Andrea Peyser is an Ann Coulter in the making.
What do you mean by “builders developing this area organically”? You make it sound so easy. Don’t you think whatever you and other AY opponents would want at the site would be met with equal opposition?
No, no. Her name was “Abby” someone. Abby who? “Abby Normal”
http://www.youtube.com/watch?v=UexffH422Vg
Hey 10:18, you paint a very colorful picture of the opponents. Ever think of writing for a newspaper –maybe Andrea needs an assistant. I, for one, never get side-tracked on the issue of ‘what’s normalcy’ which I why I would never take it upon myself to call opponents of this project abnormal.
I think pretty standard and assumed that a columnist is opinion piece. That goes for any newspaper – so off-base on that criticism.
Of course, I don’t believe her nonsense either about what she saw (needles, rats) etc –or at least it could be said about any construction site or empty lot in even the toniest neighborhoods.
She a columnist – only intent is to provoke, stoke the disagreements, etc.
Not further enlighten or engage in intelligent discourse.
Yet the anti-AY often is often just as shrill.
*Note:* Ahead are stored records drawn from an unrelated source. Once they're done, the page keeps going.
(* Let $I$ be a general ring and $a\in I$. Then $a$ is quasipolar in $I$ if and only if $a=s+q$ where $s\in I$ is strongly regular, $s\in\mathrm{comm}^2(a)$, $q\in QN(I)$, and $sq=qs=0$.
   Context: A general ring is an associative ring not necessarily having an identity. For $p,q\in I$, $p*q=p+q-pq$; $Q(I)=\{q\in I\mid p*q=0=q*p \text{ for some } p\in I\}$; $\mathrm{comm}(a)=\{x\in I\mid xa=ax\}$, $\mathrm{comm}^2(a)=\{x\in I\mid xy=yx\text{ for all }y\in\mathrm{comm}(a)\}$; $QN(I)=\{q\in I\mid qx\in Q(I)\text{ for every }x\in\mathrm{comm}(q)\}$. An element $a\in I$ is quasipolar in $I$ if there is an idempotent $p=p^2\in\mathrm{comm}^2(a)$ with $a+p\in Q(I)$ and $a-ap\in QN(I)$. An element $s\in I$ is strongly regular if $s=sbs$ for some $b\in I$ with $bs=sb$. *)

theory Defs
  imports Main
begin

text \<open>A general ring (associative, not necessarily unital) is the type class ring;
  the ring I is the whole type.\<close>

definition circ_op :: "'a::ring \<Rightarrow> 'a \<Rightarrow> 'a" where
  "circ_op p q = p + q - p * q"

definition quasi_inv_set :: "'a::ring set" where
  "quasi_inv_set = {q. \<exists>p. circ_op p q = 0 \<and> circ_op q p = 0}"

definition comm_set :: "'a::ring \<Rightarrow> 'a set" where
  "comm_set a = {x. x * a = a * x}"

definition comm2_set :: "'a::ring \<Rightarrow> 'a set" where
  "comm2_set a = {x. \<forall>y\<in>comm_set a. x * y = y * x}"

definition QN_set :: "'a::ring set" where
  "QN_set = {q. \<forall>x\<in>comm_set q. q * x \<in> quasi_inv_set}"

definition quasipolar :: "'a::ring \<Rightarrow> bool" where
  "quasipolar a \<longleftrightarrow> (\<exists>p. p * p = p \<and> p \<in> comm2_set a \<and> a + p \<in> quasi_inv_set
      \<and> a - a * p \<in> QN_set)"

definition strongly_regular :: "'a::ring \<Rightarrow> bool" where
  "strongly_regular s \<longleftrightarrow> (\<exists>b. s = s * b * s \<and> b * s = s * b)"

end

theory Submission
  imports Defs
begin

text \<open>If a is quasipolar with spectral idempotent p, then s = a p is strongly regular with group
  inverse p r - p, where r is the quasi-inverse of a + p, and q = a - a p is the quasinilpotent
  part. Conversely, for a = s + q with s s' s = s, the idempotent e = s s' works: a - a e = q, and
  a + e splits into the mutually annihilating quasi-invertible summands s + e (quasi-inverse
  s' s s' + e) and q (quasi-invertible because q q is).\<close>

lemma mem_quasi_inv_set_iff:
  "q \<in> quasi_inv_set \<longleftrightarrow> (\<exists>p. p + q - p * q = 0 \<and> q + p - q * p = 0)"
  by (simp add: quasi_inv_set_def circ_op_def)

lemma mem_comm2_set_iff: "x \<in> comm2_set a \<longleftrightarrow> comm_set a \<subseteq> comm_set x"
  by (auto simp: comm2_set_def comm_set_def)

lemma self_mem_comm2_set: "a \<in> comm2_set a"
  by (simp add: mem_comm2_set_iff)

lemma comm2_set_mult:
  assumes "x \<in> comm2_set a" and "y \<in> comm2_set a"
  shows "x * y \<in> comm2_set a"
  unfolding comm2_set_def comm_set_def
proof safe
  fix z
  assume "z * a = a * z"
  then have "x * z = z * x" and "y * z = z * y" using assms by (auto simp: comm2_set_def comm_set_def)
  then show "x * y * z = z * (x * y)" by (metis mult.assoc)
qed

lemma comm_quasi_inverse:
  fixes p q x :: "'a::ring"
  assumes pq: "p + q - p * q = 0" and qp: "q + p - q * p = 0" and xq: "x * q = q * x"
  shows "x * p = p * x"
proof -
  \<comment> \<open>In the unitisation 1 - p inverts 1 - q, and x(1-p) = (1-p)(1-q)x(1-p) = (1-p)x(1-q)(1-p).\<close>
  have xq': "p * (q * x) = p * (x * q)" "q * (x * p) = x * (q * p)"
    "p * (q * (x * p)) = p * (x * (q * p))"
    using xq by (simp_all add: mult.assoc[symmetric])
  have "x - x * p = (x - x * p) - (p + q - p * q) * (x - x * p)" by (simp add: pq)
  also have "\<dots> = (x - p * x - x * q + p * x * q) - (x - p * x - x * q + p * x * q) * p"
    using xq xq' by (simp add: algebra_simps)
  also have "\<dots> = (x - p * x) - (x - p * x) * (q + p - q * p)" by (simp add: algebra_simps)
  also have "\<dots> = x - p * x" by (simp add: qp)
  finally show ?thesis by simp
qed

lemma quasi_inverse_left_annihilates:
  fixes p q z :: "'a::ring"
  assumes "p + q - p * q = 0" and "q * z = 0"
  shows "p * z = 0"
proof -
  have "p = p * q - q" using assms(1) by (simp add: algebra_simps)
  then have "p * z = p * (q * z) - q * z" by (metis left_diff_distrib mult.assoc)
  with assms(2) show ?thesis by simp
qed

lemma quasi_inverse_right_annihilates:
  fixes p q z :: "'a::ring"
  assumes "q + p - q * p = 0" and "z * q = 0"
  shows "z * p = 0"
proof -
  have "p = q * p - q" using assms(1) by (simp add: algebra_simps)
  then have "z * p = (z * q) * p - z * q" by (metis right_diff_distrib mult.assoc)
  with assms(2) show ?thesis by simp
qed

lemma quasi_inv_set_add_orthogonal:
  fixes x y :: "'a::ring"
  assumes "x \<in> quasi_inv_set" and "y \<in> quasi_inv_set" and xy: "x * y = 0" and yx: "y * x = 0"
  shows "x + y \<in> quasi_inv_set"
proof -
  obtain x' where x1: "x' + x - x' * x = 0" and x2: "x + x' - x * x' = 0"
    using assms(1) by (auto simp: mem_quasi_inv_set_iff)
  obtain y' where y1: "y' + y - y' * y = 0" and y2: "y + y' - y * y' = 0"
    using assms(2) by (auto simp: mem_quasi_inv_set_iff)
  have "x' * y = 0" by (rule quasi_inverse_left_annihilates[OF x1 xy])
  moreover have "y' * x = 0" by (rule quasi_inverse_left_annihilates[OF y1 yx])
  moreover have "x * y' = 0" by (rule quasi_inverse_right_annihilates[OF y2 xy])
  moreover have "y * x' = 0" by (rule quasi_inverse_right_annihilates[OF x2 yx])
  ultimately have "(x' + y') + (x + y) - (x' + y') * (x + y) = 0"
    and "(x + y) + (x' + y') - (x + y) * (x' + y') = 0"
    using x1 x2 y1 y2 xy yx by (simp_all add: algebra_simps)
  then show ?thesis by (auto simp: mem_quasi_inv_set_iff)
qed

lemma quasi_inv_set_of_square:
  fixes q :: "'a::ring"
  assumes "q * q \<in> quasi_inv_set"
  shows "q \<in> quasi_inv_set"
proof -
  obtain r where r1: "r + q * q - r * (q * q) = 0" and r2: "q * q + r - (q * q) * r = 0"
    using assms by (auto simp: mem_quasi_inv_set_iff)
  have rq: "q * r = r * q" by (rule comm_quasi_inverse[OF r1 r2]) (simp add: mult.assoc)
  \<comment> \<open>1 - t = (1 + q)(1 - r), since (1 - q)(1 + q) = 1 - q q.\<close>
  define t where "t = r + q * r - q"
  have "t + q - t * q = 0" and "q + t - q * t = 0"
    using r1 r2 rq unfolding t_def by (simp_all add: algebra_simps)
  then show ?thesis by (auto simp: mem_quasi_inv_set_iff)
qed

lemma QN_set_subset_quasi_inv_set: "QN_set \<subseteq> quasi_inv_set"
proof
  fix q :: 'a
  assume "q \<in> QN_set"
  moreover have "q \<in> comm_set q" by (simp add: comm_set_def)
  ultimately have "q * q \<in> quasi_inv_set" by (simp add: QN_set_def)
  then show "q \<in> quasi_inv_set" by (rule quasi_inv_set_of_square)
qed

lemma comm_set_subset_comm_set_mult_inner_inverse:
  fixes s b :: "'a::ring"
  assumes sbs: "s * b * s = s" and bs: "b * s = s * b"
  shows "comm_set s \<subseteq> comm_set (s * b)"
proof
  fix y
  assume "y \<in> comm_set s"
  then have ys: "y * s = s * y" by (simp add: comm_set_def)
  have s_e: "s * (s * b) = s" using sbs bs by (metis mult.assoc)
  have "y * (s * b) - (s * b) * y * (s * b) = (y * s - (s * b) * (y * s)) * b"
    by (simp add: algebra_simps)
  also have "\<dots> = (s * y - (s * b) * s * y) * b" using ys by (simp add: mult.assoc)
  also have "\<dots> = 0" using sbs by simp
  finally have "y * (s * b) = (s * b) * y * (s * b)" by simp
  moreover have "(s * b) * y - (s * b) * y * (s * b) = b * (s * y - s * y * (s * b))"
    using bs by (simp add: algebra_simps) (metis mult.assoc)
  moreover have "\<dots> = b * (y * s - y * (s * (s * b)))" using ys by (metis mult.assoc)
  ultimately have "y * (s * b) = (s * b) * y" using s_e by simp
  then show "y \<in> comm_set (s * b)" by (simp add: comm_set_def)
qed

lemma strongly_regular_add_idempotent_quasi_inv:
  fixes s b :: "'a::ring"
  assumes sbs: "s * b * s = s" and bs: "b * s = s * b"
  shows "s + s * b \<in> quasi_inv_set"
proof -
  define e where "e = s * b"
  define s' where "s' = b * s * b"
  have "e * e = e" "s * e = s" "e * s = s" "s' * s = e" "s * s' = e" "s' * e = s'" "e * s' = s'"
    unfolding e_def s'_def using sbs bs by (metis mult.assoc)+
  then have "(s' + e) + (s + e) - (s' + e) * (s + e) = 0"
    and "(s + e) + (s' + e) - (s + e) * (s' + e) = 0"
    by (simp_all add: algebra_simps)
  then show ?thesis unfolding e_def by (auto simp: mem_quasi_inv_set_iff)
qed

lemma quasipolar_strongly_regular_part:
  fixes a p :: "'a::ring"
  assumes pp: "p * p = p" and pa: "p * a = a * p" and "a + p \<in> quasi_inv_set"
  shows "strongly_regular (a * p)"
proof -
  obtain r where r1: "r + (a + p) - r * (a + p) = 0" and r2: "(a + p) + r - (a + p) * r = 0"
    using assms(3) by (auto simp: mem_quasi_inv_set_iff)
  have ra: "a * r = r * a"
    by (rule comm_quasi_inverse[OF r1 r2]) (simp add: algebra_simps pa)
  have rp: "p * r = r * p"
    by (rule comm_quasi_inverse[OF r1 r2]) (simp add: algebra_simps pa pp)
  have "(r + (a + p) - r * (a + p)) * p = 0" using r1 by simp
  then have p_eq: "p = r * a * p - a * p" using pp by (simp add: algebra_simps)
  define b where "b = p * r - p"
  have "(a * p) * b = a * (p * p) * r - a * (p * p)" unfolding b_def by (simp add: algebra_simps)
  also have "\<dots> = r * a * p - a * p" using pp ra rp by (metis mult.assoc)
  finally have sb: "(a * p) * b = p" using p_eq by simp
  have "b * (a * p) = p * (r * a * p) - p * a * p" unfolding b_def by (simp add: algebra_simps)
  also have "\<dots> = r * a * p - a * p" using pp pa rp by (metis mult.assoc)
  finally have bs: "b * (a * p) = p" using p_eq by simp
  have "(a * p) * b * (a * p) = a * p" using sb pp pa by (metis mult.assoc)
  with sb bs show ?thesis unfolding strongly_regular_def by metis
qed

lemma comm2_set_mult_inner_inverse:
  fixes s b :: "'a::ring"
  assumes "s \<in> comm2_set a" and "s * b * s = s" and "b * s = s * b"
  shows "s * b \<in> comm2_set a"
  using assms comm_set_subset_comm_set_mult_inner_inverse unfolding mem_comm2_set_iff by blast

lemma quasi_inv_set_add_inner_idempotent:
  fixes s b q :: "'a::ring"
  assumes sbs: "s * b * s = s" and bs: "b * s = s * b"
    and "q \<in> quasi_inv_set" and sq: "s * q = 0" and qs: "q * s = 0"
  shows "s + q + s * b \<in> quasi_inv_set"
proof -
  have "s * b * q = 0" and "q * (s * b) = 0"
    using bs sq qs by (metis mult.assoc mult_zero_left mult_zero_right)+
  then have "(s + s * b) * q = 0" and "q * (s + s * b) = 0"
    using sq qs by (simp_all add: algebra_simps)
  with strongly_regular_add_idempotent_quasi_inv[OF sbs bs] \<open>q \<in> quasi_inv_set\<close>
  have "(s + s * b) + q \<in> quasi_inv_set" by (simp add: quasi_inv_set_add_orthogonal)
  then show ?thesis by (simp add: algebra_simps)
qed

theorem theorem2p16:
  fixes a :: "'a::ring"
  shows "quasipolar a \<longleftrightarrow>
    (\<exists>s q. a = s + q \<and> strongly_regular s \<and> s \<in> comm2_set a \<and> q \<in> QN_set
       \<and> s * q = 0 \<and> q * s = 0)"
proof
  assume "quasipolar a"
  then obtain p where pp: "p * p = p" and p_comm2: "p \<in> comm2_set a"
    and quasi_inv: "a + p \<in> quasi_inv_set" and QN: "a - a * p \<in> QN_set"
    unfolding quasipolar_def by blast
  have pa: "p * a = a * p" using p_comm2 by (simp add: comm2_set_def comm_set_def)
  have "a * p * p = a * p" and "p * a * p = a * p" using pp pa by (simp_all add: mult.assoc)
  then have "(a * p) * (a - a * p) = 0" and "(a - a * p) * (a * p) = 0"
    using pa by (simp_all add: algebra_simps) (simp_all add: mult.assoc[symmetric])
  moreover have "a * p \<in> comm2_set a" using self_mem_comm2_set p_comm2 by (rule comm2_set_mult)
  moreover have "strongly_regular (a * p)"
    using pp pa quasi_inv by (rule quasipolar_strongly_regular_part)
  ultimately show "\<exists>s q. a = s + q \<and> strongly_regular s \<and> s \<in> comm2_set a \<and> q \<in> QN_set
       \<and> s * q = 0 \<and> q * s = 0"
    using QN by (intro exI[of _ "a * p"] exI[of _ "a - a * p"]) simp
next
  assume "\<exists>s q. a = s + q \<and> strongly_regular s \<and> s \<in> comm2_set a \<and> q \<in> QN_set
       \<and> s * q = 0 \<and> q * s = 0"
  then obtain s q b where a: "a = s + q" and sbs: "s * b * s = s" and bs: "b * s = s * b"
    and s_comm2: "s \<in> comm2_set a" and q_QN: "q \<in> QN_set" and sq: "s * q = 0" and qs: "q * s = 0"
    unfolding strongly_regular_def by metis
  have "s * b * (s * b) = s * b" and "s * (s * b) = s" using sbs bs by (metis mult.assoc)+
  moreover have "q * (s * b) = 0" using qs by (metis mult.assoc mult_zero_left)
  ultimately have "a - a * (s * b) = q" unfolding a by (simp add: algebra_simps)
  moreover have "a + s * b \<in> quasi_inv_set"
    using quasi_inv_set_add_inner_idempotent[OF sbs bs _ sq qs] QN_set_subset_quasi_inv_set q_QN
    unfolding a by blast
  ultimately show "quasipolar a"
    unfolding quasipolar_def using comm2_set_mult_inner_inverse[OF s_comm2 sbs bs] q_QN
    \<open>s * b * (s * b) = s * b\<close> by auto
qed

end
She doesn’t live in Park Slope. She lives on Warren St. between Court & Clinton. Why And let me tell you, she’s a lot uglier than her “glamour” shot by her column.
B’Stoner –
A) Your title for this post is so crass it’s actually sad and B) there is a case to be made that opponents didn’t “care” as in large part they were representing what could be considered a short-sighted view about something that could benefit many…
I strongly believe that there would have been a better chance of a middle ground more beneficial to all of us if the most vocal opponents hadn’t been the usual bunch of crazies (government conspiracy theorists etc.), joke celebrities (i.e. the silly attempt to put Heath and Michelle in the mix) and brownstone owners who just came off as pure elitists (whether or not they were/are)…did you go to any of those anti-yards rallies? what percentage of the crowd would a reasonable person consider “normal”? (let’s not get side-tracked on “what’s normalcy?”) The “anti-” people on my block were comprised of renters with low income jobs (or no jobs) living in rent stabilized apartments and “renovators” that are trying to make their houses exact replicas of 1860 living in between moving their three cars from one side of the street to the other. The “middle” who, whether you like it or not will be the new core residents for these neighborhoods, were absent from the discussion because they were completely alienated by the hysteria.
The yards are a disgrace/blighted and I am truly sorry for those that will be paid to have their property seized through eminent domain (you can’t put a price on your home) but hopefully there’s a lesson to be learned for the next battles that we will fight in the inevitable development of the area – you cannot win these battles unless you tone down the rhetoric and broaden the base that your message appeals to.